- **Collected data**:
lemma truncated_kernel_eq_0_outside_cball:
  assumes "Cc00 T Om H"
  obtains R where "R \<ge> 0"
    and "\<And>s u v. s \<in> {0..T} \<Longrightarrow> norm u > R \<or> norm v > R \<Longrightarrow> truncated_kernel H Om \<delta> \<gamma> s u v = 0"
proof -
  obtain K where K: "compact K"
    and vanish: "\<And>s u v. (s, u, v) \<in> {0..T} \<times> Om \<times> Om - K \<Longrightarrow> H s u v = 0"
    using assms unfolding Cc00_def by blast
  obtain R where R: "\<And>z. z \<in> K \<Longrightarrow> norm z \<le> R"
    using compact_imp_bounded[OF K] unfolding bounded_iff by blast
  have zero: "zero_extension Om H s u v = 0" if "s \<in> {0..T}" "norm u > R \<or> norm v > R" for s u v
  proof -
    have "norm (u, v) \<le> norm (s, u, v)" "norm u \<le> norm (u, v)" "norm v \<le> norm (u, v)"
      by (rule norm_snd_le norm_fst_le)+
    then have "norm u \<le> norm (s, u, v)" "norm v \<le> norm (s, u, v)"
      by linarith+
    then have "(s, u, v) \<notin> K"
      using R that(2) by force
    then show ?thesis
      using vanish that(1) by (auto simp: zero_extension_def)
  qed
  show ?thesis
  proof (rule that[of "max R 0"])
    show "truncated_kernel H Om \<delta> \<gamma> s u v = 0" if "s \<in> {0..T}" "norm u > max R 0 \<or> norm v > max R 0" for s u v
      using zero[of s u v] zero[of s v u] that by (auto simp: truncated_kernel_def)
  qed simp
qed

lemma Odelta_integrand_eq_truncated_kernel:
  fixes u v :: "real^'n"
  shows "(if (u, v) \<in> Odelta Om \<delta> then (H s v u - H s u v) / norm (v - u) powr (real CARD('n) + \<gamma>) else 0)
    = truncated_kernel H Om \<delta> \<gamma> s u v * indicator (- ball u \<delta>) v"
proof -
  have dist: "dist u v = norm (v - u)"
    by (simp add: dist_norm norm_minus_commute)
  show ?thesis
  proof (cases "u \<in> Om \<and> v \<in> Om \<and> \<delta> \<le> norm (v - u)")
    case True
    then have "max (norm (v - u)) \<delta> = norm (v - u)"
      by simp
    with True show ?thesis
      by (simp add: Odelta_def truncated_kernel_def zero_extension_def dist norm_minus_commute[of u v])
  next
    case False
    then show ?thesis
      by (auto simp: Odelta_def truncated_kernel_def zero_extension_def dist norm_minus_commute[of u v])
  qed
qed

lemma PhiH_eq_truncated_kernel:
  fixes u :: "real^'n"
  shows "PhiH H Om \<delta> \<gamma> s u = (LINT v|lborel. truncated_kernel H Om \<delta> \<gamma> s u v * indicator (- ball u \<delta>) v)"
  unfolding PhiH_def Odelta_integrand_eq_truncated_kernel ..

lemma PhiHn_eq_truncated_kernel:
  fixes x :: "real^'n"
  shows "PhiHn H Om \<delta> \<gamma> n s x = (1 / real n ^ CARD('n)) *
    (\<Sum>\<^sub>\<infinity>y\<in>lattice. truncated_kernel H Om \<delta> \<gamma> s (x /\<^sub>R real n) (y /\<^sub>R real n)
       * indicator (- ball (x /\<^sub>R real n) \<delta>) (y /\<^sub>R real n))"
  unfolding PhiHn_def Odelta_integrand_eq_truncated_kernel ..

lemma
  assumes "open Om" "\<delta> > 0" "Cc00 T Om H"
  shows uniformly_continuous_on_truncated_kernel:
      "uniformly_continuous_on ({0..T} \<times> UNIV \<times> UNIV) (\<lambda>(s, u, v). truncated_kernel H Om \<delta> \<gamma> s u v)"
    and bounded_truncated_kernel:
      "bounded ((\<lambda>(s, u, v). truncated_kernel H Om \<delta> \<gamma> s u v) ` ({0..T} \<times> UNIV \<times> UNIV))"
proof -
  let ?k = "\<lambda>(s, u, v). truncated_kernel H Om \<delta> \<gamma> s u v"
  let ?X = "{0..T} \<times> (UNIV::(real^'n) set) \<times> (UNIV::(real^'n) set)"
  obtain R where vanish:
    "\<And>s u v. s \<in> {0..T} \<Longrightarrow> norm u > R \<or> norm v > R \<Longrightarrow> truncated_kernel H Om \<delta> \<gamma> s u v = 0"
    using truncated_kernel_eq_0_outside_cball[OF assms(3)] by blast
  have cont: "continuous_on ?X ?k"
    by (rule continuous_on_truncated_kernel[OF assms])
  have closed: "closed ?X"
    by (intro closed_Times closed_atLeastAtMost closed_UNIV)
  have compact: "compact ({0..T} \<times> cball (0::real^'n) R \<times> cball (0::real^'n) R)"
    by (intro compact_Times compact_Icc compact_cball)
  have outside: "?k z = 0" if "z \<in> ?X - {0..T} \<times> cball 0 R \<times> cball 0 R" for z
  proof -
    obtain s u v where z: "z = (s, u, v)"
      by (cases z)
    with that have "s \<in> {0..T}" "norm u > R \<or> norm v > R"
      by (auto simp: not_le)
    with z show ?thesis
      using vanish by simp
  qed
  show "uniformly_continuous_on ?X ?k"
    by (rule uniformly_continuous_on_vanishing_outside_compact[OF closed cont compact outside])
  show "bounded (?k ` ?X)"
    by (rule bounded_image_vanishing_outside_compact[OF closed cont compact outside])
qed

* * *

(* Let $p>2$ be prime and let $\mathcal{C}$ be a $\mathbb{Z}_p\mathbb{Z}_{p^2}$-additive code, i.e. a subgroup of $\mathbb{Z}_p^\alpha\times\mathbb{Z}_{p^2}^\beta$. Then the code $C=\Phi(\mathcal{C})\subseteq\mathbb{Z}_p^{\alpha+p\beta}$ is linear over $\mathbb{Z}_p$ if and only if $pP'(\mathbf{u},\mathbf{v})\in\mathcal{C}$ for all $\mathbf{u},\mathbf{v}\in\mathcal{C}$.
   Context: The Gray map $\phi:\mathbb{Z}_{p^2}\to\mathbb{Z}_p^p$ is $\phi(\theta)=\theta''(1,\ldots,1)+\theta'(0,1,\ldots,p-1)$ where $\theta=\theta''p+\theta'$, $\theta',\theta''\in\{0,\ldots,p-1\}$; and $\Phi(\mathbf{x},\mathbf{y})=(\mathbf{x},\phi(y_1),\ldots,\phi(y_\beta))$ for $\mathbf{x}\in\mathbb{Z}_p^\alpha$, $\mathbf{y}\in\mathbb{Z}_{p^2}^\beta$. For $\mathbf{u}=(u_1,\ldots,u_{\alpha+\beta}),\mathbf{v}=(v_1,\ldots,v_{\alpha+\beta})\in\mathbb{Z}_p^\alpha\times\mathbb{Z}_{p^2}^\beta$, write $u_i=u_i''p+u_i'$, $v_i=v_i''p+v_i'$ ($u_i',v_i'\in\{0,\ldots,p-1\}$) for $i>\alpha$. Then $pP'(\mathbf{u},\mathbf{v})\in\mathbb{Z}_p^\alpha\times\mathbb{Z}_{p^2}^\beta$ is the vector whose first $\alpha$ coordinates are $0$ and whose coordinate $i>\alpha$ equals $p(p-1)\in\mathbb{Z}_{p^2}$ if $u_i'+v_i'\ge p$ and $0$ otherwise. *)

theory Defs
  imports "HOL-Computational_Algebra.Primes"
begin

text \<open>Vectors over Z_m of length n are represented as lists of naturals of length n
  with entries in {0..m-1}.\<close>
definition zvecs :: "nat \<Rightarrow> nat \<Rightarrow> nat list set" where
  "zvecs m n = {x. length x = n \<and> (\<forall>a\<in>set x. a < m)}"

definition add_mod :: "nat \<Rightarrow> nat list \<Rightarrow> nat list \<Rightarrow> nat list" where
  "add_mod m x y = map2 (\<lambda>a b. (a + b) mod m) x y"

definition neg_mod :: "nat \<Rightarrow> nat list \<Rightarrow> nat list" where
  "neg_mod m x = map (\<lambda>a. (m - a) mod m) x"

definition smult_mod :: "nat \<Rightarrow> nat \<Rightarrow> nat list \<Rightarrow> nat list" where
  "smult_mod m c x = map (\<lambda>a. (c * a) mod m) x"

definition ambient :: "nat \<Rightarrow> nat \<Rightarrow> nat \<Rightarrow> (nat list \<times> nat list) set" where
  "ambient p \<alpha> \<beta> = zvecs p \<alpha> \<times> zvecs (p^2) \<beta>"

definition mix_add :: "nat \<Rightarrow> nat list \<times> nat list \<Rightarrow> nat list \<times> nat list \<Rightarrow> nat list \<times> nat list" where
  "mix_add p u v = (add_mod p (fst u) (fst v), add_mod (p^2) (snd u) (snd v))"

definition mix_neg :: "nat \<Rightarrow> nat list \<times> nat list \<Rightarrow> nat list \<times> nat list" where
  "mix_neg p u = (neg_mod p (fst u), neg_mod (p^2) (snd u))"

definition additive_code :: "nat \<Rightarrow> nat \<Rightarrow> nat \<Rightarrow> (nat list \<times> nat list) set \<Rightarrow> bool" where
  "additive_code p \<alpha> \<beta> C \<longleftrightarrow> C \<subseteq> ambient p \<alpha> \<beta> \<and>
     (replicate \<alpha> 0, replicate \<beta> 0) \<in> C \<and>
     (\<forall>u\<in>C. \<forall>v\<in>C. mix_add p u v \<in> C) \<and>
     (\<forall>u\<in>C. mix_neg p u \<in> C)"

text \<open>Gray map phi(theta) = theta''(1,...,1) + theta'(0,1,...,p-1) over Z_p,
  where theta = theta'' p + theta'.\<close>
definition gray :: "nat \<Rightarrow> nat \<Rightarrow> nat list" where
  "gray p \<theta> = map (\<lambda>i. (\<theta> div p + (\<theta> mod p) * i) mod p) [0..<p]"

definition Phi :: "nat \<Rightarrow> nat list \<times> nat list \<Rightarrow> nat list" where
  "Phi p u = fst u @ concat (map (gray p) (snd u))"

- **Your assignment**: Only the lines above from the one with "zvecs p \<alpha>" through the one with "concat (map (gray" should be duplicated, character for character.

- **Task solution**:
  "ambient p \<alpha> \<beta> = zvecs p \<alpha> \<times> zvecs (p^2) \<beta>"

definition mix_add :: "nat \<Rightarrow> nat list \<times> nat list \<Rightarrow> nat list \<times> nat list \<Rightarrow> nat list \<times> nat list" where
  "mix_add p u v = (add_mod p (fst u) (fst v), add_mod (p^2) (snd u) (snd v))"

definition mix_neg :: "nat \<Rightarrow> nat list \<times> nat list \<Rightarrow> nat list \<times> nat list" where
  "mix_neg p u = (neg_mod p (fst u), neg_mod (p^2) (snd u))"

definition additive_code :: "nat \<Rightarrow> nat \<Rightarrow> nat \<Rightarrow> (nat list \<times> nat list) set \<Rightarrow> bool" where
  "additive_code p \<alpha> \<beta> C \<longleftrightarrow> C \<subseteq> ambient p \<alpha> \<beta> \<and>
     (replicate \<alpha> 0, replicate \<beta> 0) \<in> C \<and>
     (\<forall>u\<in>C. \<forall>v\<in>C. mix_add p u v \<in> C) \<and>
     (\<forall>u\<in>C. mix_neg p u \<in> C)"

text \<open>Gray map phi(theta) = theta''(1,...,1) + theta'(0,1,...,p-1) over Z_p,
  where theta = theta'' p + theta'.\<close>
definition gray :: "nat \<Rightarrow> nat \<Rightarrow> nat list" where
  "gray p \<theta> = map (\<lambda>i. (\<theta> div p + (\<theta> mod p) * i) mod p) [0..<p]"

definition Phi :: "nat \<Rightarrow> nat list \<times> nat list \<Rightarrow> nat list" where
  "Phi p u = fst u @ concat (map (gray p) (snd u))"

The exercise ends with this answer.